But many critics in Israel charge that while the New Israel Fund poses as a grassroots movement, its grass is largely made green by American tax-exempt money. Indeed, NIF politicking might not succeed in the Jewish State were it not for the exorbitant funding by foreigners with an agenda to completely make over Israeli society in some other image. Most poignantly, the many scores of millions deployed by this international political behemoth are taxpayer-enabled and subsidized via a US tax code that allows charitable donations to be contributed tax-exempt to 501(c)(3) organizations. “Every $1 million diverted to 501(c)(3)organizations means approximately $450,000 that all other American taxpayers must make up to defray America’s national and state budgets and debts,” explained a prominent tax attorney specializing in exempt 501(c)(3) entities. Hence, when the NIF gets money to remake Israeli society, every American participates.

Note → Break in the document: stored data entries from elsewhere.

lemma uncovered_null_almost_everywhere:
  assumes A: "A \<subseteq> K" and B: "B \<subseteq> K" and "countable S"
    and responses: "\<And>Y. Y \<in> YS \<Longrightarrow> fst (G Y) \<subseteq> K \<and> snd (G Y) \<subseteq> K"
    and dense: "\<And>a b. a \<in> supported_conds L S \<Longrightarrow> b \<in> supported_conds L S \<Longrightarrow>
      A \<inter> cone_preimage a \<notin> I \<Longrightarrow> B \<inter> cone_preimage b \<notin> I \<Longrightarrow>
      \<exists>Y \<in> YS. \<exists>e e'. e \<in> f (fst (G Y)) \<and> e' \<in> f (snd (G Y)) \<and> Add_le e a \<and> Add_le e' b \<and>
        e \<in> supported_conds L S \<and> e' \<in> supported_conds L S"
  shows "{\<alpha> \<in> A. uncovered B YS G \<alpha> \<notin> I} \<in> I"
    (is "{\<alpha> \<in> A. ?C \<alpha> \<notin> I} \<in> I")
proof (rule ccontr)
  define N where "N = {\<alpha> \<in> A. ?C \<alpha> \<notin> I}"
  assume "N \<notin> I"
  have C: "?C \<alpha> \<subseteq> K" for \<alpha>
    using uncovered_subset B by (rule subset_trans)
  define q where "q \<alpha> = (SOME t. t \<in> f (?C \<alpha>))" for \<alpha>
  have q: "q \<alpha> \<in> f (?C \<alpha>)" if "\<alpha> \<in> N" for \<alpha>
    using f_nonempty[OF C] that unfolding q_def N_def by (simp add: some_in_eq)
  then have q_cond: "q \<alpha> \<in> Add_conds L" if "\<alpha> \<in> N" for \<alpha>
    using that f_subset[OF C] by blast
  txt \<open>Countably many conditions are supported in S, so on a positive set of points
    the conditions q agree on S.\<close>
  have "\<exists>p \<in> supported_conds L S. {\<alpha> \<in> N. q \<alpha> |` (S \<times> UNIV) = p} \<notin> I"
    using q_cond restrict_supported_conds(1)
    by (intro positive_fiber[OF \<open>N \<notin> I\<close> countable_supported_conds[OF \<open>countable S\<close>]]) blast
  then obtain p where p: "p \<in> supported_conds L S" and "{\<alpha> \<in> N. q \<alpha> |` (S \<times> UNIV) = p} \<notin> I"
    by blast
  moreover define X where "X = {\<alpha> \<in> N. q \<alpha> |` (S \<times> UNIV) = p}"
  ultimately have "X \<notin> I"
    by simp
  have X: "X \<subseteq> K" "X \<subseteq> A"
    using A unfolding X_def N_def by blast+
  obtain r0 where r0: "r0 \<in> f X"
    using f_nonempty[OF X(1) \<open>X \<notin> I\<close>] by blast
  define a where "a = r0 |` (S \<times> UNIV)"
  have r0_cond: "r0 \<in> Add_conds L"
    using r0 f_subset[OF X(1)] by blast
  note a = restrict_supported_conds[OF r0_cond, of S, folded a_def]
  have a_cond: "a \<in> Add_conds L" and p_cond: "p \<in> Add_conds L"
    using a(1) p supported_conds_subset by blast+
  have "A \<inter> cone_preimage a \<notin> I"
    using Int_cone_preimage_positive[OF A f_mono[OF X(2) A, THEN subsetD, OF r0] a_cond a(2)] .
  moreover have "B \<inter> cone_preimage p \<notin> I"
  proof -
    obtain \<alpha> where "\<alpha> \<in> N" and "q \<alpha> |` (S \<times> UNIV) = p"
      using positive_nonempty[OF \<open>X \<notin> I\<close>] unfolding X_def by blast
    then have "q \<alpha> \<in> f B" and "Add_le (q \<alpha>) p"
      using f_mono[OF uncovered_subset B, THEN subsetD, OF q] restrict_supported_conds(2)[OF q_cond]
      by auto
    then show ?thesis
      by (rule Int_cone_preimage_positive[OF B _ p_cond])
  qed
  ultimately obtain Y e e' where Y: "Y \<in> YS"
    and e: "e \<in> f (fst (G Y))" "Add_le e a" "e \<in> supported_conds L S"
    and e': "e' \<in> f (snd (G Y))" "Add_le e' p" "e' \<in> supported_conds L S"
    by (elim dense[OF a(1) p, elim_format] bexE exE conjE)
  txt \<open>Conditions that agree on S are compatible with every condition supported in S
    that extends their common restriction.\<close>
  have "X \<inter> fst (G Y) \<notin> I"
    using Int_positive_if_compatible[OF X(1) _ r0 e(1) e(3)] responses[OF Y] e(2)
    unfolding a_def by blast
  then obtain \<alpha> where "\<alpha> \<in> X" and \<alpha>: "\<alpha> \<in> fst (G Y)"
    using positive_nonempty by blast
  then have "\<alpha> \<in> N" and "Add_le e' (q \<alpha> |` (S \<times> UNIV))"
    using e'(2) unfolding X_def by auto
  then have "?C \<alpha> \<inter> snd (G Y) \<notin> I"
    using Int_positive_if_compatible[OF C _ q e'(1) e'(3)] responses[OF Y] by blast
  then obtain \<beta> where "\<beta> \<in> ?C \<alpha>" and "\<beta> \<in> snd (G Y)"
    using positive_nonempty by blast
  then show False
    using Y \<alpha> unfolding uncovered_def by blast
qed
text \<open>The degree sum forces the total excess of the branch vertices over 3 to equal
  the number of leaves minus the number of branch vertices.\<close>
lemma branch_excess: "(\<Sum>x\<in>branches. real (d x) - 3) = real (card leaves) - real (card branches)"
proof -
  have "2 * real n = (\<Sum>x\<in>V. real (d x))"
    using deg_sum by (metis of_nat_sum of_nat_mult of_nat_numeral)
  also have "\<dots> = real (card leaves) + 2 * real (card middles) + (\<Sum>x\<in>branches. real (d x))"
    unfolding sum_by_class[of "\<lambda>x. real (d x)"] by (simp add: leaves_def middles_def)
  finally show ?thesis
    using card_classes by (simp add: sum_subtractf)
qed

lemma branch_excess_nonneg: "(\<Sum>x\<in>branches. real (d x) - 3) \<ge> 0"
  unfolding branches_def by (intro sum_nonneg) auto

lemma branches_le_leaves: "card branches \<le> card leaves"
  using branch_excess branch_excess_nonneg by linarith

lemma branches_nonempty:
  assumes "card leaves \<ge> 1" shows "card branches \<ge> 1"
proof (rule ccontr)
  assume "\<not> card branches \<ge> 1"
  then have "card branches = 0" by linarith
  then have "branches = {}" using finite_classes(3) by simp
  then show False using branch_excess assms by simp
qed

lemma branches_cubic:
  assumes "card branches = card leaves" and "x \<in> branches" shows "d x = 3"
proof -
  have "\<forall>x\<in>branches. real (d x) - 3 = 0"
    using sum_nonneg_eq_0_iff[OF finite_classes(3), of "\<lambda>x. real (d x) - 3"]
      branch_excess assms(1) unfolding branches_def by auto
  then show ?thesis using assms(2) by auto
qed

lemma row_sum_leaf:
  assumes "x \<in> leaves"
  shows "(\<Sum>y\<in>V. \<bar>real (d x) - real (d y)\<bar>) = real n"
proof -
  have "(\<Sum>y\<in>V. \<bar>real (d x) - real (d y)\<bar>) = (\<Sum>y\<in>V. real (d y) - 1)"
    using assms deg_pos unfolding leaves_def by (intro sum.cong) auto
  also have "\<dots> = real n"
    using deg_sum card_V by (simp add: sum_subtractf) (metis of_nat_sum of_nat_mult of_nat_numeral)
  finally show ?thesis .
qed

lemma row_sum_middle:
  assumes "x \<in> middles"
  shows "(\<Sum>y\<in>V. \<bar>real (d x) - real (d y)\<bar>) = 2 * real (card leaves)"
proof -
  have dx: "d x = 2" using assms unfolding middles_def by simp
  have "(\<Sum>y\<in>branches. \<bar>real (d x) - real (d y)\<bar>) = (\<Sum>y\<in>branches. real (d y) - 2)"
    using dx unfolding branches_def by (intro sum.cong) auto
  also have "\<dots> = real (card leaves)"
    using branch_excess by (simp add: sum_subtractf)
  finally have "(\<Sum>y\<in>branches. \<bar>real (d x) - real (d y)\<bar>) = real (card leaves)" .
  then show ?thesis
    unfolding sum_by_class[of "\<lambda>y. \<bar>real (d x) - real (d y)\<bar>"] using dx
    by (simp add: leaves_def middles_def)
qed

Black is particularly harsh on two NIF grantees, B’Tselem and Adalah. He interviews Israeli political and military leaders who describe how those two groups, in particular, impact their work.

B’Tselem undertook its own independent investigation of the 2012 Gaza operation, generally through third and fourth parties. B’Tselem lodged a series of twenty separate complaints with the Israeli military to conduct criminal inquiries. After evaluation, the Israeli military authorities rebuffed each claim, generally concluding that “no well-founded suspicion of violation of the Laws of War by any military entity had been found.” In some cases, the military said the cases were inconclusive. B’Tselem dismissed the IDF’s response as “inadequate” and issued its own report anyway, which nonetheless suggested that war crimes had in fact taken place. The B’Tselem’s summary stated, “B’Tselem’s report raises suspicions that the military violated International Humanitarian Law (IHL). Breaches of two major aspects of IHL are of greatest concern: lack of effective advance notice of an impending attack and an unacceptably broad definition of what constitutes a ‘legitimate target.’ The report analyzes nine cases in which Palestinian civilians were killed or injured by the military that raised suspicions of IHL violations.”

Black interviewed members of the IDF’s leadership, including Deputy Defense Minister Danny Danon, Colonel Benny Yanay, General Avi Mizrahi and others who dignified the B’Tselem report with a response, though nearly all of the organization’s facts were wrong, they said.

Asked if he believed the NIF is working to destabilize the IDF, a senior officer in the office of the Chief of Staff, responded, “It is more than believe it. I know they are destabilizing the IDF.” The senior officer was not authorized to speak to the media as a representative of the IDF. He continued, “One of our operations was Cast Lead. That was followed by the Goldstone Report. More than 90 percent of the references in that report are either to the NIF or its grantees. If we were actually committing war crimes, it would be one thing. But one by one, we proved these allegations to be false. In some cases, when civilians or uninvolved people got harmed, it was in spite of our efforts. Our information showed that about 60 percent of the 1600 killed were proven to be terrorists, and the remaining third were mainly an unanswered question.”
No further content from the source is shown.